It is pretty clear that foreign policy in the Trump administration will only be conducted out of the White House. Secretary of State Rex Tillerson, who has apparently become mute since his confirmation, is merely a pawn or an emissary that Trump, Bannon, and Kushner use to appease other world leaders. He has no input into any policy decision making and the State Department is effectively cut out of everything the administration is doing.
Tillerson refused to make any comment on the North Korean missile tests and is now heading off on a trip to Japan, South Korea, and China in the wake of that incident. Incredibly, he is not taking any foreign policy reporters along on the trip with him so the only reporting we will get will be the scripted comments at press briefings with his Asian counterparts, it they actually occur. Any other reporting will therefore have to rely on the foreign press and that will allow Japan, South Korea, and China to drive the narrative about their meetings.

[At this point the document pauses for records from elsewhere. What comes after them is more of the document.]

lemma hop_exists:
  assumes "distinct xs" and "y \<in> double_ascents xs"
  shows "\<exists>ys. hop xs y ys"
proof -
  from assms(2) have y: "y \<in> set xs" "\<not> left_larger xs y" "right_larger xs y"
    by (auto simp: double_ascents_def)
  from y(2) obtain a where a: "adjacent xs a y" "\<not> y < a" by (auto simp: left_larger_def)
  have "a < y" using a adjacent_neq[OF assms(1) a(1)] by auto
  from y(1) obtain us C where xs: "xs = us @ y # C" by (meson split_list)
  have "y \<notin> set us" "y \<notin> set C" using assms(1) xs by auto
  have "adjacent us a y \<or> adjacent (y # C) a y \<or> (us \<noteq> [] \<and> a = last us)"
    using a(1) xs by (simp add: adjacent_append)
  then have "us \<noteq> [] \<and> a = last us"
    using \<open>y \<notin> set us\<close> \<open>y \<notin> set C\<close> \<open>a < y\<close> by (auto simp: adjacent_Cons dest: adjacent_in_set)
  then obtain A B where us: "us = A @ B" "\<forall>b\<in>set B. b < y" "A = [] \<or> \<not> last A < y" "B \<noteq> []"
    using split_longest_suffix[of us "\<lambda>z. z < y"] \<open>a < y\<close> by auto
  have "A = [] \<or> y < last A"
    using us(1,3) \<open>y \<notin> set us\<close> by (metis Un_iff last_in_set linorder_neqE set_append)
  moreover have "C = [] \<or> y < hd C"
    using y(3) xs by (cases C) (auto simp: right_larger_def adjacent_append)
  ultimately show ?thesis using xs us unfolding hop_def
    by (intro exI[of _ "A @ y # B @ C"] exI[of _ A] exI[of _ B] exI[of _ C]) auto
qed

The tensions are already high in northeast Asia. South Korea and Japan are rattled by the North Korean tests. China is furious with the deployment of the missile defense system in South Korea. There is the aggressive Chinese expansion of power in the South China Sea. I imagine that Australia, long a key ally, will be further infuriated that Tillerson isn't even making a courtesy stop there. The question that these Asian leaders will have to ask themselves is whether Tillerson has any clout inside the White House. That decision will color whether they can "deal" with Tillerson or whether he is just a cipher to send messages back and forth with the White House.

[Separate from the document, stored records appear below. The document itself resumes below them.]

(* Let $G$ be a finite simple graph and let $\tau,\tau'$ be two threshold assignments for the vertices of $G$ with $\overline{\tau}=\overline{\tau'}$. Let $r$ be an integer with $dyn_{\tau}(G)\leq r\leq dyn_{\tau'}(G)$. Then there exists a threshold assignment $\tau''$ with $\overline{\tau''}=\overline{\tau}$ such that $dyn_{\tau''}(G)=r$.
   Context: A threshold assignment is a function $\tau:V(G)\to\{0,1,2,\dots\}$; its average is $\overline{\tau}=\sum_{v\in V(G)}\tau(v)/|V(G)|$. A set $D\subseteq V(G)$ is a $\tau$-dynamic monopoly ($\tau$-dynamo) if for some $k\ge 0$ the vertex set can be partitioned into $D_0=D, D_1,\dots,D_k$ where for each $1\le i\le k$, $D_i$ consists of all vertices (outside $D_0\cup\dots\cup D_{i-1}$) having at least $\tau(v)$ neighbors in $D_0\cup\dots\cup D_{i-1}$. $dyn_\tau(G)$ denotes the minimum size of a $\tau$-dynamo of $G$. *)

theory Defs
  imports Complex_Main
begin

definition simple_graph :: "'a set \<Rightarrow> ('a \<Rightarrow> 'a \<Rightarrow> bool) \<Rightarrow> bool" where
  "simple_graph V E \<longleftrightarrow> finite V \<and> (\<forall>u v. E u v \<longrightarrow> u \<in> V \<and> v \<in> V)
     \<and> (\<forall>u v. E u v \<longrightarrow> E v u) \<and> (\<forall>v. \<not> E v v)"

definition avg_threshold :: "'a set \<Rightarrow> ('a \<Rightarrow> nat) \<Rightarrow> real" where
  "avg_threshold V \<tau> = real (\<Sum>v\<in>V. \<tau> v) / real (card V)"

definition is_dynamo :: "'a set \<Rightarrow> ('a \<Rightarrow> 'a \<Rightarrow> bool) \<Rightarrow> ('a \<Rightarrow> nat) \<Rightarrow> 'a set \<Rightarrow> bool" where
  "is_dynamo V E \<tau> D \<longleftrightarrow> D \<subseteq> V \<and>
     (\<exists>(k::nat) (Ds::nat \<Rightarrow> 'a set). Ds 0 = D \<and>
        (\<forall>i. 1 \<le> i \<and> i \<le> k \<longrightarrow>
            Ds i = {v \<in> V - (\<Union>j<i. Ds j). card {u \<in> (\<Union>j<i. Ds j). E v u} \<ge> \<tau> v}) \<and>
        (\<Union>i\<le>k. Ds i) = V)"

definition dyn :: "'a set \<Rightarrow> ('a \<Rightarrow> 'a \<Rightarrow> bool) \<Rightarrow> ('a \<Rightarrow> nat) \<Rightarrow> nat" where
  "dyn V E \<tau> = Min {card D | D. is_dynamo V E \<tau> D}"

end

theory Submission
  imports Defs
begin

text \<open>Move one unit of threshold from a vertex where \<open>\<tau>\<close> exceeds \<open>\<tau>'\<close> to one where it falls
short. This keeps the sum, and hence the average, and lowers the excess
\<open>\<Sum>v\<in>V. \<tau> v - \<tau>' v\<close> by one. Raising a single threshold increases \<open>dyn\<close> by at most one
(add that vertex to an optimal dynamo) and lowering thresholds never increases it, so
along such a walk from \<open>\<tau>\<close> to \<open>\<tau>'\<close> the value of \<open>dyn\<close> climbs in steps of at most one
and therefore hits every integer between \<open>dyn \<tau>\<close> and \<open>dyn \<tau>'\<close>.\<close>

text \<open>\<open>activated V E t D i\<close> is the union \<open>D\<^sub>0 \<union> \<dots> \<union> D\<^sub>i\<close> of the first rounds of the
partition in the definition of a dynamo.\<close>

fun activated :: "'a set \<Rightarrow> ('a \<Rightarrow> 'a \<Rightarrow> bool) \<Rightarrow> ('a \<Rightarrow> nat) \<Rightarrow> 'a set \<Rightarrow> nat \<Rightarrow> 'a set" where
  "activated V E t D 0 = D"
| "activated V E t D (Suc i) = activated V E t D i \<union>
     {v \<in> V - activated V E t D i. t v \<le> card {u \<in> activated V E t D i. E v u}}"

lemma activated_subset: "D \<subseteq> V \<Longrightarrow> activated V E t D k \<subseteq> V"
  by (induction k) auto

lemma seed_subset_activated: "D \<subseteq> activated V E t D k"
  by (induction k) auto

lemma is_dynamoD:
  assumes "is_dynamo V E t D"
  shows "D \<subseteq> V" and "\<exists>k. activated V E t D k = V"
proof -
  show "D \<subseteq> V" using assms unfolding is_dynamo_def by blast
  obtain k and Ds :: "nat \<Rightarrow> 'a set" where D0: "Ds 0 = D"
    and Ds: "\<forall>i. 1 \<le> i \<and> i \<le> k \<longrightarrow>
       Ds i = {v \<in> V - (\<Union>j<i. Ds j). card {u \<in> (\<Union>j<i. Ds j). E v u} \<ge> t v}"
    and covers: "(\<Union>i\<le>k. Ds i) = V"
    using assms unfolding is_dynamo_def by blast
  have "(\<Union>j\<le>i. Ds j) = activated V E t D i" if "i \<le> k" for i
    using that
  proof (induction i)
    case 0
    then show ?case using D0 by simp
  next
    case (Suc i)
    have "(\<Union>j\<le>Suc i. Ds j) = (\<Union>j\<le>i. Ds j) \<union> Ds (Suc i)"
      by (simp add: atMost_Suc Un_commute)
    then show ?case
      using Suc Ds[rule_format, of "Suc i"] by (simp add: lessThan_Suc_atMost)
  qed
  then show "\<exists>k. activated V E t D k = V" using covers by blast
qed

lemma is_dynamoI:
  assumes "D \<subseteq> V" and "activated V E t D k = V"
  shows "is_dynamo V E t D"
proof -
  define Ds where "Ds i = (if i = 0 then D
      else {v \<in> V - activated V E t D (i - 1). t v \<le> card {u \<in> activated V E t D (i - 1). E v u}})"
    for i
  have union: "(\<Union>j\<le>i. Ds j) = activated V E t D i" for i
    by (induction i) (auto simp: Ds_def atMost_Suc)
  have steps: "\<forall>i. 1 \<le> i \<and> i \<le> k \<longrightarrow>
      Ds i = {v \<in> V - (\<Union>j<i. Ds j). card {u \<in> (\<Union>j<i. Ds j). E v u} \<ge> t v}"
  proof (intro allI impI)
    fix i :: nat assume "1 \<le> i \<and> i \<le> k"
    then obtain m where m: "i = Suc m" by (cases i) auto
    show "Ds i = {v \<in> V - (\<Union>j<i. Ds j). card {u \<in> (\<Union>j<i. Ds j). E v u} \<ge> t v}"
      unfolding m lessThan_Suc_atMost union by (simp add: Ds_def)
  qed
  have "Ds 0 = D" by (simp add: Ds_def)
  moreover have "(\<Union>i\<le>k. Ds i) = V" using union[of k] assms(2) by simp
  ultimately show ?thesis
    unfolding is_dynamo_def by (intro conjI exI[of _ k] exI[of _ Ds] assms(1) steps)
qed

lemma activated_mono:
  assumes "finite V" and "D \<subseteq> D'" and "D' \<subseteq> V"
    and le: "\<And>v. v \<in> V - D' \<Longrightarrow> t' v \<le> t v"
  shows "activated V E t D k \<subseteq> activated V E t' D' k"
proof (induction k)
  case 0
  then show ?case using \<open>D \<subseteq> D'\<close> by simp
next
  case (Suc k)
  show ?case
  proof
    fix v assume v: "v \<in> activated V E t D (Suc k)"
    show "v \<in> activated V E t' D' (Suc k)"
    proof (cases "v \<in> activated V E t D k \<or> v \<in> activated V E t' D' k")
      case True
      then show ?thesis using Suc by auto
    next
      case False
      then have "v \<in> V" and "t v \<le> card {u \<in> activated V E t D k. E v u}"
        and new: "v \<notin> activated V E t' D' k" using v by auto
      have "{u \<in> activated V E t' D' k. E v u} \<subseteq> V"
        using activated_subset[OF \<open>D' \<subseteq> V\<close>, of E t' k] by blast
      then have "finite {u \<in> activated V E t' D' k. E v u}"
        using \<open>finite V\<close> by (rule finite_subset)
      then have "card {u \<in> activated V E t D k. E v u} \<le> card {u \<in> activated V E t' D' k. E v u}"
        using Suc by (intro card_mono) auto
      moreover have "t' v \<le> t v"
        using new seed_subset_activated[of D' V E t' k] \<open>v \<in> V\<close> by (intro le) blast
      ultimately show ?thesis using \<open>v \<in> V\<close> \<open>t v \<le> _\<close> new by simp
    qed
  qed
qed

lemma is_dynamo_mono:
  assumes "finite V" and "is_dynamo V E t D" and "D \<subseteq> D'" and "D' \<subseteq> V"
    and "\<And>v. v \<in> V - D' \<Longrightarrow> t' v \<le> t v"
  shows "is_dynamo V E t' D'"
proof -
  obtain k where "activated V E t D k = V" using is_dynamoD(2)[OF assms(2)] by blast
  moreover have "activated V E t D k \<subseteq> activated V E t' D' k"
    using assms by (intro activated_mono) auto
  ultimately have "activated V E t' D' k = V"
    using activated_subset[OF assms(4)] by blast
  then show ?thesis using is_dynamoI[OF assms(4)] by blast
qed

lemma dyn_attained:
  assumes "finite V"
  shows "\<exists>D. is_dynamo V E t D \<and> card D = dyn V E t"
    and "is_dynamo V E t D \<Longrightarrow> dyn V E t \<le> card D"
proof -
  let ?sizes = "{card D | D. is_dynamo V E t D}"
  have "card D \<le> card V" if "is_dynamo V E t D" for D
    using card_mono[OF assms is_dynamoD(1)[OF that]] .
  then have "?sizes \<subseteq> {..card V}" by auto
  then have fin: "finite ?sizes" by (rule finite_subset) simp
  have "card V \<in> ?sizes" using is_dynamoI[of V V E t 0] by auto
  then have "Min ?sizes \<in> ?sizes" using fin by (intro Min_in) auto
  then show "\<exists>D. is_dynamo V E t D \<and> card D = dyn V E t" unfolding dyn_def by auto
  assume "is_dynamo V E t D"
  then have "card D \<in> ?sizes" by blast
  then show "dyn V E t \<le> card D" unfolding dyn_def by (rule Min_le[OF fin])
qed

lemma dyn_le_Suc_if_le_off_vertex:
  assumes "finite V" and "w \<in> V" and "\<And>v. v \<in> V - {w} \<Longrightarrow> t' v \<le> t v"
  shows "dyn V E t' \<le> dyn V E t + 1"
proof -
  obtain D where D: "is_dynamo V E t D" "card D = dyn V E t"
    using dyn_attained(1)[OF assms(1)] by blast
  have "D \<subseteq> V" using is_dynamoD(1)[OF D(1)] .
  then have "is_dynamo V E t' (insert w D)"
    using assms(2,3) by (intro is_dynamo_mono[OF assms(1) D(1)]) auto
  then have "dyn V E t' \<le> card (insert w D)" by (rule dyn_attained(2)[OF assms(1)])
  also have "\<dots> \<le> card D + 1"
    using finite_subset[OF \<open>D \<subseteq> V\<close> assms(1)] by (simp add: card_insert_if)
  finally show ?thesis using D(2) by simp
qed

lemma dyn_mono:
  assumes "finite V" and "\<And>v. v \<in> V \<Longrightarrow> t' v \<le> t v"
  shows "dyn V E t' \<le> dyn V E t"
proof -
  obtain D where D: "is_dynamo V E t D" "card D = dyn V E t"
    using dyn_attained(1)[OF assms(1)] by blast
  have "is_dynamo V E t' D"
    using is_dynamoD(1)[OF D(1)] assms(2) by (intro is_dynamo_mono[OF assms(1) D(1)]) auto
  then have "dyn V E t' \<le> card D" by (rule dyn_attained(2)[OF assms(1)])
  with D(2) show ?thesis by simp
qed

lemma dyn_cong:
  assumes "finite V" and "\<And>v. v \<in> V \<Longrightarrow> t' v = t v"
  shows "dyn V E t' = dyn V E t"
  using assms by (intro order_antisym dyn_mono) auto

lemma exists_greater_if_sum_eq:
  fixes t t' :: "'a \<Rightarrow> nat"
  assumes "finite V" and "(\<Sum>v\<in>V. t v) = (\<Sum>v\<in>V. t' v)" and "\<exists>v\<in>V. t v \<noteq> t' v"
  shows "\<exists>u\<in>V. t' u < t u"
proof (rule ccontr)
  assume "\<not> (\<exists>u\<in>V. t' u < t u)"
  then have "\<forall>v\<in>V. t v \<le> t' v" by auto
  moreover obtain v where "v \<in> V" "t v < t' v"
    using assms(3) calculation by force
  ultimately have "(\<Sum>v\<in>V. t v) < (\<Sum>v\<in>V. t' v)"
    using sum_strict_mono_ex1[OF assms(1)] by blast
  then show False using assms(2) by simp
qed

lemma unit_transfer:
  fixes t t' :: "'a \<Rightarrow> nat"
  assumes "finite V" and sum_eq: "(\<Sum>v\<in>V. t v) = (\<Sum>v\<in>V. t' v)" and "\<exists>v\<in>V. t v \<noteq> t' v"
  obtains w t1 where "w \<in> V" and "\<And>v. v \<in> V - {w} \<Longrightarrow> t1 v \<le> t v"
    and "(\<Sum>v\<in>V. t1 v) = (\<Sum>v\<in>V. t v)"
    and "(\<Sum>v\<in>V. t1 v - t' v) < (\<Sum>v\<in>V. t v - t' v)"
proof -
  obtain u where u: "u \<in> V" "t' u < t u"
    using exists_greater_if_sum_eq[OF assms] by blast
  obtain w where w: "w \<in> V" "t w < t' w"
    using exists_greater_if_sum_eq[OF assms(1) sum_eq[symmetric]] assms(3) by force
  have "u \<noteq> w" using u w by auto
  define t1 where "t1 = t(u := t u - 1, w := t w + 1)"
  have agree: "t1 v = t v" if "v \<in> V - {u} - {w}" for v
    using that by (simp add: t1_def)
  have split: "(\<Sum>v\<in>V. f v) = f u + f w + (\<Sum>v\<in>V - {u} - {w}. f v)" for f :: "'a \<Rightarrow> nat"
    using \<open>finite V\<close> u w \<open>u \<noteq> w\<close> by (simp add: sum.remove[of V u] sum.remove[of "V - {u}" w])
  have le: "t1 v \<le> t v" if "v \<in> V - {w}" for v
    using that by (simp add: t1_def)
  have sum_t1: "(\<Sum>v\<in>V. t1 v) = (\<Sum>v\<in>V. t v)"
    using u \<open>u \<noteq> w\<close> by (simp add: split[of t1] split[of t] sum.cong[OF refl agree]) (simp add: t1_def)
  have smaller: "(\<Sum>v\<in>V. t1 v - t' v) < (\<Sum>v\<in>V. t v - t' v)"
    using u w \<open>u \<noteq> w\<close>
    by (intro sum_strict_mono_ex1[OF \<open>finite V\<close>]) (auto simp: t1_def)
  show thesis by (rule that[OF w(1) le sum_t1 smaller])
qed

lemma dyn_intermediate_value:
  fixes t t' :: "'a \<Rightarrow> nat"
  assumes "finite V" and "(\<Sum>v\<in>V. t v) = (\<Sum>v\<in>V. t' v)"
    and "dyn V E t \<le> r" and "r \<le> dyn V E t'"
  shows "\<exists>t''. (\<Sum>v\<in>V. t'' v) = (\<Sum>v\<in>V. t v) \<and> dyn V E t'' = r"
  using assms(2-)
proof (induction "\<Sum>v\<in>V. t v - t' v" arbitrary: t rule: less_induct)
  case less
  show ?case
  proof (cases "dyn V E t = r")
    case True
    then show ?thesis by blast
  next
    case False
    then have "dyn V E t < r" using less.prems(2) by simp
    have "\<exists>v\<in>V. t v \<noteq> t' v"
    proof (rule ccontr)
      assume "\<not> (\<exists>v\<in>V. t v \<noteq> t' v)"
      then have "dyn V E t = dyn V E t'" by (intro dyn_cong[OF assms(1)]) blast
      then show False using \<open>dyn V E t < r\<close> less.prems(3) by simp
    qed
    then obtain w t1 where "w \<in> V" and le: "\<And>v. v \<in> V - {w} \<Longrightarrow> t1 v \<le> t v"
      and sum_t1: "(\<Sum>v\<in>V. t1 v) = (\<Sum>v\<in>V. t v)"
      and smaller: "(\<Sum>v\<in>V. t1 v - t' v) < (\<Sum>v\<in>V. t v - t' v)"
      by (rule unit_transfer[OF assms(1) less.prems(1)]) blast
    have "dyn V E t1 \<le> dyn V E t + 1"
      by (rule dyn_le_Suc_if_le_off_vertex[OF assms(1) \<open>w \<in> V\<close> le])
    with \<open>dyn V E t < r\<close> have "dyn V E t1 \<le> r" by simp
    moreover have "(\<Sum>v\<in>V. t1 v) = (\<Sum>v\<in>V. t' v)" using sum_t1 less.prems(1) by simp
    ultimately obtain t'' where "(\<Sum>v\<in>V. t'' v) = (\<Sum>v\<in>V. t1 v)" and "dyn V E t'' = r"
      using less.hyps[OF smaller] less.prems(3) by blast
    then show ?thesis using sum_t1 by auto
  qed
qed

lemma avg_threshold_eq_iff_sum_eq:
  assumes "finite V"
  shows "avg_threshold V t = avg_threshold V t' \<longleftrightarrow> (\<Sum>v\<in>V. t v) = (\<Sum>v\<in>V. t' v)"
proof (cases "V = {}")
  case False
  then have "real (card V) \<noteq> 0" using assms by simp
  then show ?thesis unfolding avg_threshold_def by (simp add: divide_cancel_right del: of_nat_sum)
qed (simp add: avg_threshold_def)

theorem proposition1:
  fixes V :: "'a set" and E :: "'a \<Rightarrow> 'a \<Rightarrow> bool"
    and \<tau> \<tau>' :: "'a \<Rightarrow> nat" and r :: int
  assumes "simple_graph V E"
    and "avg_threshold V \<tau> = avg_threshold V \<tau>'"
    and "int (dyn V E \<tau>) \<le> r" and "r \<le> int (dyn V E \<tau>')"
  shows "\<exists>\<tau>'' :: 'a \<Rightarrow> nat. avg_threshold V \<tau>'' = avg_threshold V \<tau> \<and> int (dyn V E \<tau>'') = r"
proof -
  have "finite V" using assms(1) unfolding simple_graph_def by blast
  have "0 \<le> r" using assms(3) by linarith
  then obtain n where n: "r = int n" using nonneg_int_cases by blast
  have "(\<Sum>v\<in>V. \<tau> v) = (\<Sum>v\<in>V. \<tau>' v)"
    using assms(2) by (simp add: avg_threshold_eq_iff_sum_eq[OF \<open>finite V\<close>])
  moreover have "dyn V E \<tau> \<le> n" and "n \<le> dyn V E \<tau>'" using assms(3,4) n by simp_all
  ultimately obtain \<tau>'' where "(\<Sum>v\<in>V. \<tau>'' v) = (\<Sum>v\<in>V. \<tau> v)" and "dyn V E \<tau>'' = n"
    using dyn_intermediate_value[OF \<open>finite V\<close>] by blast
  then show ?thesis
    using n by (auto simp: avg_threshold_eq_iff_sum_eq[OF \<open>finite V\<close>])
qed

end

But the real capper on the diminished state of State came when the Department's spokesman Mark Toner was not even aware that the Mexican Foreign Minister was in Washington and meeting with Kushner, Gary Cohn, and NSA McMaster. When asked whether the State Department would be meeting with the Foreign Minister, Toner said, "I was unaware that he was - the foreign minister was in town. I can't speak to whether there's going to be any meetings at the State Department at any level." Incredible.

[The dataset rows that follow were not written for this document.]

lemma inv_cube_le_inv_three_halves:
  fixes m n :: int
  assumes "m \<noteq> 0 \<or> n \<noteq> 0"
  shows "1 / of_int (\<bar>m\<bar> + \<bar>n\<bar>) ^ 3 \<le> 8 * inv_three_halves \<bar>of_int m\<bar> * inv_three_halves \<bar>of_int n\<bar>"
proof -
  define s where "s = real_of_int (\<bar>m\<bar> + \<bar>n\<bar>)"
  define a where "a = 1 + real_of_int \<bar>m\<bar>"
  define c where "c = 1 + real_of_int \<bar>n\<bar>"
  have s1: "s \<ge> 1" using assms unfolding s_def by linarith
  have a1: "a \<ge> 1" and c1: "c \<ge> 1" unfolding a_def c_def by auto
  have "a * c \<le> (1 + s)^2" unfolding a_def c_def s_def by (simp add: power2_eq_square algebra_simps)
  also have "\<dots> \<le> (2 * s)^2" using s1 by (intro power_mono) auto
  finally have ac: "a * c \<le> 4 * s^2" by (simp add: power_mult_distrib)
  have "sqrt (a * c) \<le> sqrt (4 * s^2)" using ac by (rule real_sqrt_le_mono)
  also have "\<dots> = 2 * s" using s1 by (simp add: real_sqrt_mult)
  finally have sq: "sqrt (a * c) \<le> 2 * s" .
  have "(a * sqrt a) * (c * sqrt c) = (a * c) * sqrt (a * c)" by (simp add: real_sqrt_mult)
  also have "\<dots> \<le> (4 * s^2) * (2 * s)" by (rule mult_mono[OF ac sq]) (use a1 c1 in auto)
  also have "\<dots> = 8 * s^3" by (simp add: power2_eq_square power3_eq_cube)
  finally have le: "(a * sqrt a) * (c * sqrt c) \<le> 8 * s^3" .
  have pos: "(a * sqrt a) * (c * sqrt c) > 0" using a1 c1 by simp
  have "1 / s^3 = 8 / (8 * s^3)" using s1 by simp
  also have "\<dots> \<le> 8 / ((a * sqrt a) * (c * sqrt c))"
    using le pos s1 a1 c1 by (intro divide_left_mono mult_pos_pos) auto
  also have "\<dots> = 8 * inv_three_halves \<bar>of_int m\<bar> * inv_three_halves \<bar>of_int n\<bar>"
    unfolding inv_three_halves_def a_def c_def by simp
  finally show ?thesis unfolding s_def .
qed

definition zeta_term :: "complex \<Rightarrow> complex \<Rightarrow> complex" where
  "zeta_term l w = 1 / (w - l) + 1 / l + w / l\<^sup>2"

definition zeta_deriv_term :: "complex \<Rightarrow> complex \<Rightarrow> complex" where
  "zeta_deriv_term l w = - 1 / (w - l)\<^sup>2 + 1 / l\<^sup>2"

definition zeta_deriv2_term :: "complex \<Rightarrow> complex \<Rightarrow> complex" where
  "zeta_deriv2_term l w = 2 / (w - l) ^ 3"

lemma has_field_derivative_zeta_term:
  "w \<noteq> l \<Longrightarrow> l \<noteq> 0 \<Longrightarrow> (zeta_term l has_field_derivative zeta_deriv_term l w) (at w)"
  unfolding zeta_term_def zeta_deriv_term_def
  by (auto intro!: derivative_eq_intros simp: power2_eq_square field_simps)

lemma has_field_derivative_zeta_deriv_term:
  assumes "w \<noteq> l"
  shows "(zeta_deriv_term l has_field_derivative zeta_deriv2_term l w) (at w)"
proof -
  have "((\<lambda>w. - 1 / (w - l)\<^sup>2) has_field_derivative 2 / (w - l) ^ 3) (at w)"
    by (rule derivative_eq_intros refl)+
      (use assms in \<open>simp_all add: power2_eq_square power3_eq_cube divide_simps\<close>)
  from DERIV_add[OF this DERIV_const[of "1 / l\<^sup>2"]] show ?thesis
    unfolding zeta_deriv_term_def[abs_def] zeta_deriv2_term_def by simp
qed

It seems hard to believe that Trump/Bannon think they can run the government entirely out of the White House. The expertise and execution of policy in the individual departments of government are seemingly ignored. This, of course, is the way Trump and Bannon run their businesses. But it is a recipe for disaster in this complicated world and we will see the deficiency in that thinking if this White House has to confront more than one disaster at a time.